══ Data for this task
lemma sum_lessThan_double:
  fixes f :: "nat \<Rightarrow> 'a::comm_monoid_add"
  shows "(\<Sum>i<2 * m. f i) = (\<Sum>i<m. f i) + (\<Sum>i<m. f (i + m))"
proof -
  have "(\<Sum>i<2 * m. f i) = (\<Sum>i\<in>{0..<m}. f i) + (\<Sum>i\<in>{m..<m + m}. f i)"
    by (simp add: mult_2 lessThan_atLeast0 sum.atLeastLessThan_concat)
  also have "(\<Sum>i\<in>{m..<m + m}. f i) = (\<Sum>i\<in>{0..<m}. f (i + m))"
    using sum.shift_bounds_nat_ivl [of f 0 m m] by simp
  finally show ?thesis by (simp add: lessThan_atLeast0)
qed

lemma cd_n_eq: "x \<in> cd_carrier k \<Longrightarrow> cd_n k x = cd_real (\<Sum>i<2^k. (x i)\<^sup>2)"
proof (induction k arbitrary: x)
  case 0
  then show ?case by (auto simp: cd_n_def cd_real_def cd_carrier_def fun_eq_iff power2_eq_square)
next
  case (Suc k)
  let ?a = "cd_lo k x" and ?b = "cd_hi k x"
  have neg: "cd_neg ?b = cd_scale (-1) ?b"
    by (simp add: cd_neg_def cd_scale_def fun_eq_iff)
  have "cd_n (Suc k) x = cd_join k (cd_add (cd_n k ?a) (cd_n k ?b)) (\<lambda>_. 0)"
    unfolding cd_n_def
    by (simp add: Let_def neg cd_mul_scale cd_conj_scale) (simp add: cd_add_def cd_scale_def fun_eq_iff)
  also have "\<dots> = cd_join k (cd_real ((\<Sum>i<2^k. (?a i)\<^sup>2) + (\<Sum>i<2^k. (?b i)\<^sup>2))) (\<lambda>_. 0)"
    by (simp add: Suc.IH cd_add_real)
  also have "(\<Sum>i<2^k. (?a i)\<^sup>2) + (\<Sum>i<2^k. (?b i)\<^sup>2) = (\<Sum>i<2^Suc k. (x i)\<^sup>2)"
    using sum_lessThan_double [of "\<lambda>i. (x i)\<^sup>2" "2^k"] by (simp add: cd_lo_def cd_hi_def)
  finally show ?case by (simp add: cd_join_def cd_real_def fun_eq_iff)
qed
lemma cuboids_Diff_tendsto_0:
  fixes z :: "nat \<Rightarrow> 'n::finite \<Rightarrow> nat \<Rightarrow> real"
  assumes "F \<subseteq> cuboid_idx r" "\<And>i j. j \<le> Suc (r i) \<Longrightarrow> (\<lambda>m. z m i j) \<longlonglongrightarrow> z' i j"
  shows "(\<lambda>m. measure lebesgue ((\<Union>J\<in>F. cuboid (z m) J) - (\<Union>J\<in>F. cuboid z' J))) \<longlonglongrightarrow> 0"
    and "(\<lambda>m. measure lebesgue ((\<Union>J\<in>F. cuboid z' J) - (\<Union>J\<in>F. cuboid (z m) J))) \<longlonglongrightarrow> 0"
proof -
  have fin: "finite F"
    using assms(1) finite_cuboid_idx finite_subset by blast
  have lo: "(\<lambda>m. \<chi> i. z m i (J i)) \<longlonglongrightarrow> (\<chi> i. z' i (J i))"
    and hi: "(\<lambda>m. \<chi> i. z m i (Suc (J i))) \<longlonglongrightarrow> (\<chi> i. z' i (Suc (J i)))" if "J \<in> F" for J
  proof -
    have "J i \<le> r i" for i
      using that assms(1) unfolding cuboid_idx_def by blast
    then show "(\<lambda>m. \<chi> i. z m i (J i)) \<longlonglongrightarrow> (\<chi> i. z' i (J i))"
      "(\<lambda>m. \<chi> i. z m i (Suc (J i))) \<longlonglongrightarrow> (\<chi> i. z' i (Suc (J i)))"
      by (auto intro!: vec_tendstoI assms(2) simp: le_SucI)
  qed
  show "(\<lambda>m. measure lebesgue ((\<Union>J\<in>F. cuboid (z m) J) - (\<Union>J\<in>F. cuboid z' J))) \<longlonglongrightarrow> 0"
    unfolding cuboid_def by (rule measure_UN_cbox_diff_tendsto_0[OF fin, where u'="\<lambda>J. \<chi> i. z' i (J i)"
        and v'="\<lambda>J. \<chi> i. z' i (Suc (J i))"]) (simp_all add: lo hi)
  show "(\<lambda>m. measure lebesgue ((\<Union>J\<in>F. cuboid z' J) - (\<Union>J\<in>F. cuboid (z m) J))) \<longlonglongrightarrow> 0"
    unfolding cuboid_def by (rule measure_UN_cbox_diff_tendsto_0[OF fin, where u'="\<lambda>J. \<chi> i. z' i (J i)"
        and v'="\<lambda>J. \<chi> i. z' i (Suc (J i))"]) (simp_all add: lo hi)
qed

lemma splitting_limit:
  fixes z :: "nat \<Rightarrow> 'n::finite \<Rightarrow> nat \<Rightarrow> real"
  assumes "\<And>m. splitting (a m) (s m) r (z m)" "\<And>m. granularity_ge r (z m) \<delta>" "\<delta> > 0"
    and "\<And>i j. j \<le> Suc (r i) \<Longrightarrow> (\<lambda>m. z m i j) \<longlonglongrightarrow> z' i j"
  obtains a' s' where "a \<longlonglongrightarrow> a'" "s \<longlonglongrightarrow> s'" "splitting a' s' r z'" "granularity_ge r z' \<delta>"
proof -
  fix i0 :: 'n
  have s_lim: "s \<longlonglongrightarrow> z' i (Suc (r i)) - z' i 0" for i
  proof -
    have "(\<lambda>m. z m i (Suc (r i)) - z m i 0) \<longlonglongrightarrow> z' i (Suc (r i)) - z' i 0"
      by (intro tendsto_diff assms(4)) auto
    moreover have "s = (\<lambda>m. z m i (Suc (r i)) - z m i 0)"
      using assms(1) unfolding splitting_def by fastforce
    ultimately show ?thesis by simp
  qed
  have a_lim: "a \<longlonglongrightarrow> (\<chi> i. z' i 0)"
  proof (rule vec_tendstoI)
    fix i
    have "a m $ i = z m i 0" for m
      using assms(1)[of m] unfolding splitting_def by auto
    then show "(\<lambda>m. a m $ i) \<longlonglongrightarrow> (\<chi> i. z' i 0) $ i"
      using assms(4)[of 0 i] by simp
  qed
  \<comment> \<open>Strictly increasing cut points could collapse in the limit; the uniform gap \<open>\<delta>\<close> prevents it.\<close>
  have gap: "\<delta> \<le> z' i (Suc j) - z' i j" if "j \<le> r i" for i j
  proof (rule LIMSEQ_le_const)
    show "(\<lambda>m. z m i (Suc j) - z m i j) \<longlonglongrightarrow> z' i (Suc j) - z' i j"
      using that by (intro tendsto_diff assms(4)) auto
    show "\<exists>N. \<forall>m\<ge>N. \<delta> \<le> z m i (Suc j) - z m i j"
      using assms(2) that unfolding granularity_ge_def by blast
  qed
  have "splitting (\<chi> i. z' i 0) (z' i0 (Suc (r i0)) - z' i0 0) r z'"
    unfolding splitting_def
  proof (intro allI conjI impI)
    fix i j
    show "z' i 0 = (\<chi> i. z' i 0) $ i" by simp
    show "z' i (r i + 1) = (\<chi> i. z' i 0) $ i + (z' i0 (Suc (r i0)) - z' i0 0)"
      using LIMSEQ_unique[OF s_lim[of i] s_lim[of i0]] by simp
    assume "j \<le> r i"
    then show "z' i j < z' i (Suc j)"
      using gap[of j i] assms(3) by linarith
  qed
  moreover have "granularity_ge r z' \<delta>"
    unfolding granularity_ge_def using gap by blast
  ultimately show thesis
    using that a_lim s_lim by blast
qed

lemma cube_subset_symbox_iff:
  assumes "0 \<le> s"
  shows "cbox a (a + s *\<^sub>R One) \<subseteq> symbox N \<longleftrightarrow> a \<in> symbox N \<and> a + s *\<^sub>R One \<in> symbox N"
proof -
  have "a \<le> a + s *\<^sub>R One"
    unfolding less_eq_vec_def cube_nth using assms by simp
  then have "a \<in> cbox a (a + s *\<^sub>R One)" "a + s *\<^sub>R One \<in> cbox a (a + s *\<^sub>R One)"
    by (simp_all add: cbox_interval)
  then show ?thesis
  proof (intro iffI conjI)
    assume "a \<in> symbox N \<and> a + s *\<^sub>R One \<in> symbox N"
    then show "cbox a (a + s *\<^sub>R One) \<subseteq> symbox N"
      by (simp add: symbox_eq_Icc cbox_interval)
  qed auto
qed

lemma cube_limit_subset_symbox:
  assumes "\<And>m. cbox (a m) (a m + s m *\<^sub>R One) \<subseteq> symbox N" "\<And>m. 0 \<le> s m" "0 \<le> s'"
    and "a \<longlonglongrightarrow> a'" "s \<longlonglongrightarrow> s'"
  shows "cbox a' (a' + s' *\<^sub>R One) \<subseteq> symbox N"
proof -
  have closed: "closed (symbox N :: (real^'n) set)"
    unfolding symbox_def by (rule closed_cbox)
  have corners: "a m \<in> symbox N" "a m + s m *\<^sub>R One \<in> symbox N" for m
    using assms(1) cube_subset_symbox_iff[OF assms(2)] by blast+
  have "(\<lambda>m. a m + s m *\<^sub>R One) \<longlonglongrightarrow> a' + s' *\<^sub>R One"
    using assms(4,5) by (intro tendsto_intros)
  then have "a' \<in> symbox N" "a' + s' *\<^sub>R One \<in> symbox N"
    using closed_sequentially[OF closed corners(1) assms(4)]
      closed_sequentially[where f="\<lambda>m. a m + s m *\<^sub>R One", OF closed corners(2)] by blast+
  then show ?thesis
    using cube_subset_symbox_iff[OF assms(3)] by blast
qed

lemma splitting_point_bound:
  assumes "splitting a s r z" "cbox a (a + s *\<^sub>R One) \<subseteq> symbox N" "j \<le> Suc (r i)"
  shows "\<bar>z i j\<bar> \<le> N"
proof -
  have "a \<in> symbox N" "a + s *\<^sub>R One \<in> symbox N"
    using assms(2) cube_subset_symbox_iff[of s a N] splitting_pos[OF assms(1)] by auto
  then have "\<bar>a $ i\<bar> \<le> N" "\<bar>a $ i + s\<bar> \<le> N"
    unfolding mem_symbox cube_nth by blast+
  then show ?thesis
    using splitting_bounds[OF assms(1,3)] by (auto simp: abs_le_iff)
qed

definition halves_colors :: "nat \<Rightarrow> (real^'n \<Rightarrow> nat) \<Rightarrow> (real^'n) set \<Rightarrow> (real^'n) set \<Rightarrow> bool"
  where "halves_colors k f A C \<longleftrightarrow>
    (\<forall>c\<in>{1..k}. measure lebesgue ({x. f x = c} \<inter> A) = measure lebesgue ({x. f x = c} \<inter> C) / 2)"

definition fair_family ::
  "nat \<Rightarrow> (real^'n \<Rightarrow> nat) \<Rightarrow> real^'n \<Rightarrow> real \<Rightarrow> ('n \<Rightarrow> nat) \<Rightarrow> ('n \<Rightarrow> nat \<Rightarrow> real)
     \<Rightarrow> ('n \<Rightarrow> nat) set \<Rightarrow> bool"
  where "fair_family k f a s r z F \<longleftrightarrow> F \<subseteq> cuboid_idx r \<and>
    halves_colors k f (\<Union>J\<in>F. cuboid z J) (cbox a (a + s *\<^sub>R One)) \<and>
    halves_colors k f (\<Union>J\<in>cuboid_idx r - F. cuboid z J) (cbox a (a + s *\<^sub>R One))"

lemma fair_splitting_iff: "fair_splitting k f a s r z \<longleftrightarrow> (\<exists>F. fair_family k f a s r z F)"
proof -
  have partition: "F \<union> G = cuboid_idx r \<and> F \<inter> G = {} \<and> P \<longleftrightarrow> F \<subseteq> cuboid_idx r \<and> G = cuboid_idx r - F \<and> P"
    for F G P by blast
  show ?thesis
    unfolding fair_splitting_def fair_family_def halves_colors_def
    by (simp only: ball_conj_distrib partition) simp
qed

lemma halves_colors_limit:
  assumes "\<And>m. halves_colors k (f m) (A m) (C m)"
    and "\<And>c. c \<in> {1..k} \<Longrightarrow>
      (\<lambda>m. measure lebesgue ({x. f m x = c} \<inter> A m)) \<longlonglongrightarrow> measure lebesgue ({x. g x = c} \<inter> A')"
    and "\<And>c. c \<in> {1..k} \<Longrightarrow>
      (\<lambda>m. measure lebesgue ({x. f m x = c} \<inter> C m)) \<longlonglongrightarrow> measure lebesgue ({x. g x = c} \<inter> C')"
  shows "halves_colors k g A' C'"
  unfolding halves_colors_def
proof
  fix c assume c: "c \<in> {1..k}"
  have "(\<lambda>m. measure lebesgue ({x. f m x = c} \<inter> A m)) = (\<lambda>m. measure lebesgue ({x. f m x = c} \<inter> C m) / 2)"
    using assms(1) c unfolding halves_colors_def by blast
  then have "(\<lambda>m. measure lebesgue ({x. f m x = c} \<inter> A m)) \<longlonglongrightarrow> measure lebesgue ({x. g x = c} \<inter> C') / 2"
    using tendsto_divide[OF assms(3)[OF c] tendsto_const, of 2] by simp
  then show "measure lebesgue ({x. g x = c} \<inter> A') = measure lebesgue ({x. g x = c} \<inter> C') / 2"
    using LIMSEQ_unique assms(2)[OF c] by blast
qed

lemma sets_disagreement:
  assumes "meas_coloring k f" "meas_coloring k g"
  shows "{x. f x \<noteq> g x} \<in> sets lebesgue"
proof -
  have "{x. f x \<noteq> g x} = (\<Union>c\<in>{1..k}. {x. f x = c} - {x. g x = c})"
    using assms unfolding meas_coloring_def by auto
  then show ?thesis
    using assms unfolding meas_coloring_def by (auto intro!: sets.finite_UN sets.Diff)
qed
════
• **Task details**:
In the entries, find every line holding "conjI" and copy it.

• **Finished exercise**:
  proof (intro allI conjI impI)
  proof (intro iffI conjI)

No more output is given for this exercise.